Дождь, широкий и мощный, полгода обходивший этот иссушенный край, внезапно хлынул с неба, и когда за тучами погас последний луч солнца, лицо Нины продолжало светиться каким-то таинственным сиянием – так по ночам, прикасаясь к ее телу, я думал, что оно излучает собственный теплый свет.
– Кончилось это страшное лето! – В ее глазах были слезы или капли, брызжущие через открытое окно. – Какое счастье!
И я не решился сказать ей о письме, которое получил сегодня, не мог омрачить этот ее радостный порыв, потому что она была моим солнцем, и она была моим дождем…
Я вспомнил это темной глухой ночью, ворочаясь без сна на жесткой казарменной койке. Нина побледнела, узнав, наконец, о повестке в армию. Должно быть, в мыслях ее возник образ моего отца, погибшего в стычке с чеченцами: для Нины они ничем не отличались от тех, что подстерегали меня здесь.
Ее страх невольно передался мне, я накричал на нее, а потом извинялся долго и основательно – благо было чем. И сейчас, засыпая, я думал о ее губах, груди, бедрах и о том, как странно говорят о ночи – глухая…
Отряд подняли с первыми всполохами зари, но Шломо, тощий йеменец с кипой на кудрявой голове уже ждал нас, держа закопченный кофейник над маленьким зыбким костром. Так исполнял он свою ежедневную мицву перед людьми и Богом, который, наверно, воздаст ему за этот ароматный глоток кофе холодным утром.
Появился самал, черный, полуголый, казавшийся в тусклом свете фонаря сбитым из простых геометрических фигур – круглая голова, треугольный нос, квадратные плечи. Окинув всех снулым еще взглядом, он произнес как заклинание:
– Авиноам!
– Мефакед? – вышел вперед рабат, грузный, приземистый и всегда хитро улыбающийся.
– Я вижу, без меня к нам новенького определили.
– Вчера прибыл. Парень исправный. Не то, что некоторые. Верно, Иоси?
– Иоси, Иосале! – повторяли на разные лады солдаты.
Я уже знал, что у нас, как во всякой уважающей себя части, есть мишень для грубого мужского юмора – рыжий малый с жалкой сморщенной физиономией еврея из штетла.
– Отставить это! – прервал общее веселье самал. Изящным жестом, какой трудно было ожидать от его тяжелой руки, он принял чашечку, пригубил и застонал, разнежась. Это, должно быть, придало ему силу воли взглянуть на меня:
– Имя?
Моя скрежещущая ашкеназийская фамилия произвела на него сильное впечатление. Он усмехнулся:
– Рабат, ну как ты будешь звать нового бойца?
Еле вырвав из себя первые звуки, Авиноам к концу стал задыхаться, чем привел начальство в отличное расположение духа. Глаза его снова обратились ко мне:
– Хуялта?
На это раз сконфузился я. Стоящий рядом Иоси подсказал:
– От ивритского “хаял”, в смысле полностью ли ты экипирован.
– Да, мефакед!
– Хорошо, Жреб-кор-ски, – тоже не без труда произнес самал, вызвав сочувственный смех подчиненных.

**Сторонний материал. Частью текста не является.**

(* Let $(X,T),(Y,S)$ be topological dynamical systems, let $y_0\in Y$ and $s_0\in\mathbb{N}$ with $S^{s_0}y_0=y_0$, and let $\nu=\frac1{s_0}\sum_{j=0}^{s_0-1}\delta_{S^jy_0}$. Then $$\mathcal{M}_{T\times S}(X\times Y)\cap(\pi_Y)_*^{-1}\{\nu\}=\Big\{\tfrac1{s_0}\sum_{j=0}^{s_0-1}(T\times S)^j_*(\mu\times\delta_{y_0}):\mu\in\mathcal{M}_{T^{s_0}}(X)\Big\}.$$ Consequently, for every $f\in C(X\times Y)$, $\psi_f(\nu)\ge\min_{x\in X}\frac1{s_0}\sum_{j=0}^{s_0-1}f(T^jx,S^jy_0)$.
   Context: A topological dynamical system $(X,T)$: $X$ compact metrizable, $T$ a homeomorphism; $\mathcal{M}_T(X)$ its invariant Borel probability measures. $\pi_Y(x,y)=y$. $\psi_f(\nu)=\min\{\int f\,d\lambda:\lambda\in\mathcal{M}_{T\times S}(X\times Y),(\pi_Y)_*\lambda=\nu\}$. *)

theory Defs
  imports "HOL-Probability.Probability"
begin

definition tds :: "('a::metric_space \<Rightarrow> 'a) \<Rightarrow> bool" where
  "tds T \<longleftrightarrow> compact (UNIV :: 'a set) \<and> (\<exists>T'. homeomorphism UNIV UNIV T T')"

definition inv_measures :: "('a::topological_space \<Rightarrow> 'a) \<Rightarrow> 'a measure set" where
  "inv_measures T = {\<mu>. prob_space \<mu> \<and> sets \<mu> = sets borel \<and> distr \<mu> borel T = \<mu>}"

definition avg_measure :: "nat \<Rightarrow> (nat \<Rightarrow> 'a::topological_space measure) \<Rightarrow> 'a measure" where
  "avg_measure n \<mu>s = measure_of UNIV (sets borel)
     (\<lambda>A. (\<Sum>j<n. emeasure (\<mu>s j) A) / of_nat n)"

text \<open>\<open>\<psi>_f(\<nu>) = min { \<integral> f d\<lambda> : \<lambda> \<in> \<M>_{T\<times>S}(X\<times>Y), (\<pi>_Y)_* \<lambda> = \<nu> }\<close>
  (the minimum is written as an infimum; it is attained).\<close>
definition psi :: "('a::topological_space \<Rightarrow> 'a) \<Rightarrow> ('b::topological_space \<Rightarrow> 'b)
    \<Rightarrow> ('a \<times> 'b \<Rightarrow> real) \<Rightarrow> 'b measure \<Rightarrow> real" where
  "psi T S f \<nu> = Inf {integral\<^sup>L m f | m. m \<in> inv_measures (map_prod T S) \<and> distr m borel snd = \<nu>}"

end

(*
  Let m be a (T x S)-invariant measure whose second marginal is the uniform measure nu on the
  periodic orbit of y0. Then m lives on X x orbit, its fibres over the orbit points have equal
  mass and are carried into each other by T x S. Hence the normalised fibre mu over y0 is
  invariant under T^s0, and spreading mu x delta_y0 along the orbit, i.e. averaging its images
  under (T x S)^j for j < s0, gives back m. Conversely every such average is invariant with
  marginal nu. Integrating f against these averages gives the lower bound for psi_f(nu); the
  infimum defining psi_f(nu) is over a non-empty set because T^s0 has an invariant measure
  (Krylov-Bogolyubov), obtained here by regularising an invariant finitely additive mean.
*)

theory Submission
  imports Defs
begin

lemma emeasure_distr_borel:
  assumes "sets M = sets borel" and "f \<in> borel \<rightarrow>\<^sub>M borel" and "A \<in> sets borel"
  shows "emeasure (distr M borel f) A = emeasure M (f -` A)"
proof -
  have "space M = UNIV" using sets_eq_imp_space_eq[OF assms(1)] by simp
  moreover have "f \<in> M \<rightarrow>\<^sub>M borel" using assms(2) by (simp add: measurable_cong_sets[OF assms(1) refl])
  ultimately show ?thesis using assms(3) by (simp add: emeasure_distr)
qed

lemma inv_measuresD:
  assumes "m \<in> inv_measures R"
  shows "prob_space m" "sets m = sets borel" "space m = UNIV" "distr m borel R = m"
proof -
  show "prob_space m" "sets m = sets borel" "distr m borel R = m"
    using assms by (simp_all add: inv_measures_def)
  then show "space m = UNIV" using sets_eq_imp_space_eq[of m borel] by simp
qed

lemma inv_measuresI:
  assumes "prob_space m" "sets m = sets borel" "R \<in> borel \<rightarrow>\<^sub>M borel"
    and "\<And>A. A \<in> sets borel \<Longrightarrow> emeasure m (R -` A) = emeasure m A"
  shows "m \<in> inv_measures R"
proof -
  have "distr m borel R = m"
    by (rule measure_eqI) (simp_all add: assms emeasure_distr_borel)
  with assms show ?thesis by (simp add: inv_measures_def)
qed

lemma emeasure_vimage_inv_measures:
  assumes "m \<in> inv_measures R" "R \<in> borel \<rightarrow>\<^sub>M borel" "A \<in> sets borel"
  shows "emeasure m (R -` A) = emeasure m A"
  using emeasure_distr_borel[OF inv_measuresD(2)[OF assms(1)] assms(2,3)] inv_measuresD(4)[OF assms(1)]
  by simp

lemma emeasure_funpow_vimage_inv_measures:
  assumes "m \<in> inv_measures R" "R \<in> borel \<rightarrow>\<^sub>M borel" "A \<in> sets borel"
  shows "emeasure m ((R ^^ j) -` A) = emeasure m A"
  using assms(3)
proof (induction j arbitrary: A)
  case (Suc j)
  have "(R ^^ Suc j) -` A = (R ^^ j) -` (R -` A)"
    by (simp only: funpow.simps(2) vimage_comp)
  also have "emeasure m \<dots> = emeasure m (R -` A)"
    using Suc.IH measurable_sets_borel[OF assms(2) Suc.prems] .
  finally show ?case
    using emeasure_vimage_inv_measures[OF assms(1,2) Suc.prems] by (rule trans)
qed simp

lemma sets_avg_measure [simp]: "sets (avg_measure n M) = sets borel"
  by (simp add: avg_measure_def sets_measure_of_conv sets.sigma_sets_eq[of borel, simplified])

lemma space_avg_measure [simp]: "space (avg_measure n M) = UNIV"
  using sets_eq_imp_space_eq[OF sets_avg_measure] by simp

lemma measurable_uniform_subprob_algebra:
  assumes "\<And>j. subprob_space (M j)" and "\<And>j. sets (M j) = sets N"
  shows "M \<in> measure_pmf (pmf_of_set {..<n}) \<rightarrow>\<^sub>M subprob_algebra N"
proof -
  have "M \<in> count_space UNIV \<rightarrow>\<^sub>M subprob_algebra N"
    using assms by (auto simp: measurable_count_space_eq1 space_subprob_algebra)
  then show ?thesis by (simp add: measurable_cong_sets)
qed

lemma emeasure_uniform_bind:
  assumes "n > 0" and "M \<in> measure_pmf (pmf_of_set {..<n}) \<rightarrow>\<^sub>M subprob_algebra N"
    and "A \<in> sets N"
  shows "emeasure (measure_pmf (pmf_of_set {..<n}) \<bind> M) A = (\<Sum>j<n. emeasure (M j) A) / of_nat n"
proof -
  have "emeasure (measure_pmf (pmf_of_set {..<n}) \<bind> M) A
      = \<integral>\<^sup>+j. emeasure (M j) A \<partial>measure_pmf (pmf_of_set {..<n})"
    by (rule emeasure_bind[OF _ assms(2,3)]) simp
  also have "\<dots> = (\<Sum>j<n. emeasure (M j) A) / of_nat n"
    using assms(1) by (subst nn_integral_pmf_of_set) auto
  finally show ?thesis .
qed

lemma avg_measure_eq_bind:
  fixes M :: "nat \<Rightarrow> 'a::topological_space measure"
  assumes "n > 0" and "\<And>j. subprob_space (M j)" and "\<And>j. sets (M j) = sets borel"
  shows "avg_measure n M = measure_pmf (pmf_of_set {..<n}) \<bind> M"
proof -
  let ?p = "measure_pmf (pmf_of_set {..<n})"
  note meas = measurable_uniform_subprob_algebra[OF assms(2,3)]
  have sets_bind: "sets (?p \<bind> M) = sets borel"
    using assms(3) by (simp add: sets_bind[of _ M, where N=borel])
  have "avg_measure n M = measure_of UNIV (sets borel) (emeasure (?p \<bind> M))"
    unfolding avg_measure_def
    by (intro measure_of_eq) (auto simp: emeasure_uniform_bind[OF assms(1) meas]
        sets.sigma_sets_eq[of borel, simplified])
  also have "\<dots> = ?p \<bind> M"
    using measure_of_of_measure[of "?p \<bind> M"] sets_eq_imp_space_eq[OF sets_bind]
    by (simp add: sets_bind)
  finally show ?thesis .
qed

lemma emeasure_avg_measure:
  fixes M :: "nat \<Rightarrow> 'a::topological_space measure"
  assumes "n > 0" and "\<And>j. subprob_space (M j)" and "\<And>j. sets (M j) = sets borel"
    and "A \<in> sets borel"
  shows "emeasure (avg_measure n M) A = (\<Sum>j<n. emeasure (M j) A) / of_nat n"
  using emeasure_uniform_bind[OF assms(1) measurable_uniform_subprob_algebra[OF assms(2,3)] assms(4)]
  by (simp add: avg_measure_eq_bind[OF assms(1-3)])

lemma prob_space_avg_measure:
  fixes M :: "nat \<Rightarrow> 'a::topological_space measure"
  assumes "n > 0" and "\<And>j. prob_space (M j)" and "\<And>j. sets (M j) = sets borel"
  shows "prob_space (avg_measure n M)"
proof (rule prob_spaceI)
  have "emeasure (M j) UNIV = 1" for j
    using prob_space.emeasure_space_1[OF assms(2)] sets_eq_imp_space_eq[OF assms(3)] by simp
  then show "emeasure (avg_measure n M) (space (avg_measure n M)) = 1"
    using assms by (simp add: emeasure_avg_measure prob_space_imp_subprob_space
        ennreal_of_nat_eq_real_of_nat)
qed

lemma integral_avg_measure:
  fixes M :: "nat \<Rightarrow> 'a::topological_space measure" and f :: "'a \<Rightarrow> real"
  assumes "n > 0" and "\<And>j. prob_space (M j)" and "\<And>j. sets (M j) = sets borel"
    and "f \<in> borel_measurable borel" and "\<And>x. \<bar>f x\<bar> \<le> B"
  shows "integral\<^sup>L (avg_measure n M) f = (\<Sum>j<n. integral\<^sup>L (M j) f) / n"
proof -
  let ?p = "measure_pmf (pmf_of_set {..<n})"
  have subprob: "subprob_space (M j)" for j by (simp add: assms(2) prob_space_imp_subprob_space)
  have "integral\<^sup>L (?p \<bind> M) f = \<integral>j. integral\<^sup>L (M j) f \<partial>?p"
    by (rule integral_bind[OF assms(4) _ measurable_uniform_subprob_algebra[OF subprob assms(3)],
          where B'=1 and B=B])
      (auto simp: assms(5) prob_space.emeasure_space_1[OF assms(2)] measure_pmf.finite_measure_axioms)
  also have "\<dots> = (\<Sum>j<n. integral\<^sup>L (M j) f) / n"
    using assms(1) by (subst integral_pmf_of_set) auto
  finally show ?thesis by (simp add: avg_measure_eq_bind[OF assms(1) subprob assms(3)])
qed

section \<open>Borel sets of a product of compact metric spaces\<close>

lemma compact_metric_countable_basis:
  assumes "compact (UNIV :: 'a set)"
  obtains B :: "'a::metric_space set set" where "countable B" "\<And>b. b \<in> B \<Longrightarrow> open b"
    "\<And>U x. open U \<Longrightarrow> x \<in> U \<Longrightarrow> \<exists>b\<in>B. x \<in> b \<and> b \<subseteq> U"
proof -
  have "\<forall>n::nat. \<exists>k. finite k \<and> (UNIV::'a set) \<subseteq> (\<Union>x\<in>k. ball x (1 / Suc n))"
    using assms unfolding compact_eq_totally_bounded by simp
  then obtain k where k: "\<And>n. finite (k n)" "\<And>n. (UNIV::'a set) \<subseteq> (\<Union>x\<in>k n. ball x (1 / Suc n))"
    by metis
  show ?thesis
  proof
    let ?B = "\<Union>n. (\<lambda>q. ball q (1 / Suc n)) ` k n"
    show "countable ?B" using k(1) by (intro countable_UN) (auto intro: countable_finite)
    show "open b" if "b \<in> ?B" for b using that by auto
    fix U :: "'a set" and x assume "open U" "x \<in> U"
    then obtain e where e: "e > 0" "ball x e \<subseteq> U" by (meson open_contains_ball)
    then obtain n :: nat where "inverse (Suc n) < e / 2"
      using reals_Archimedean half_gt_zero by blast
    then have n: "2 / Suc n < e" by (simp add: field_simps)
    obtain q where q: "q \<in> k n" "x \<in> ball q (1 / Suc n)" using k(2)[of n] by blast
    have "ball q (1 / Suc n) \<subseteq> ball x e"
    proof
      fix z assume "z \<in> ball q (1 / Suc n)"
      then have "dist x z < 2 / Suc n" using q(2) dist_triangle2[of x z q]
        by (auto simp: mem_ball dist_commute)
      then show "z \<in> ball x e" using n by (simp add: mem_ball)
    qed
    then show "\<exists>b\<in>?B. x \<in> b \<and> b \<subseteq> U" using q e by blast
  qed
qed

– Молчать! Вы лучше представьте себе, как звучат для русского ваши собственные фамилии: Эльбас, Молхо, Кадури, – командир исчез за дверью, очевидно, чтобы одеться, но, и невидимый, продолжал журить своих солдат, – Зилха, Элиа, Марьюма! Жалкая деревенщина, вы не способны понять культурного человека, как это, има шело – Жебер – Чебер, – он запнулся и вдруг мы услышали его громоподобный хохот, охотно поддержанный с этой стороны. Наконец, самал предстал перед нами, и я не узнал его. Затянутый под самую селезенку видавшим виды ремнем, холодно блестя безволосым черепом и вбитой, казалось, в мощную грудь планкой боевых наград, он был готов к любым передрягам, и голос его не предвещал ничего хорошего:
– Через полчаса выступаем. Сейчас – в столовую, пятнадцать минут на завтрак. Напоминаю: из строя не выходить.
– Можно, я пойду с тобой? – робко попросил Иоси. – Ребята все время пристают.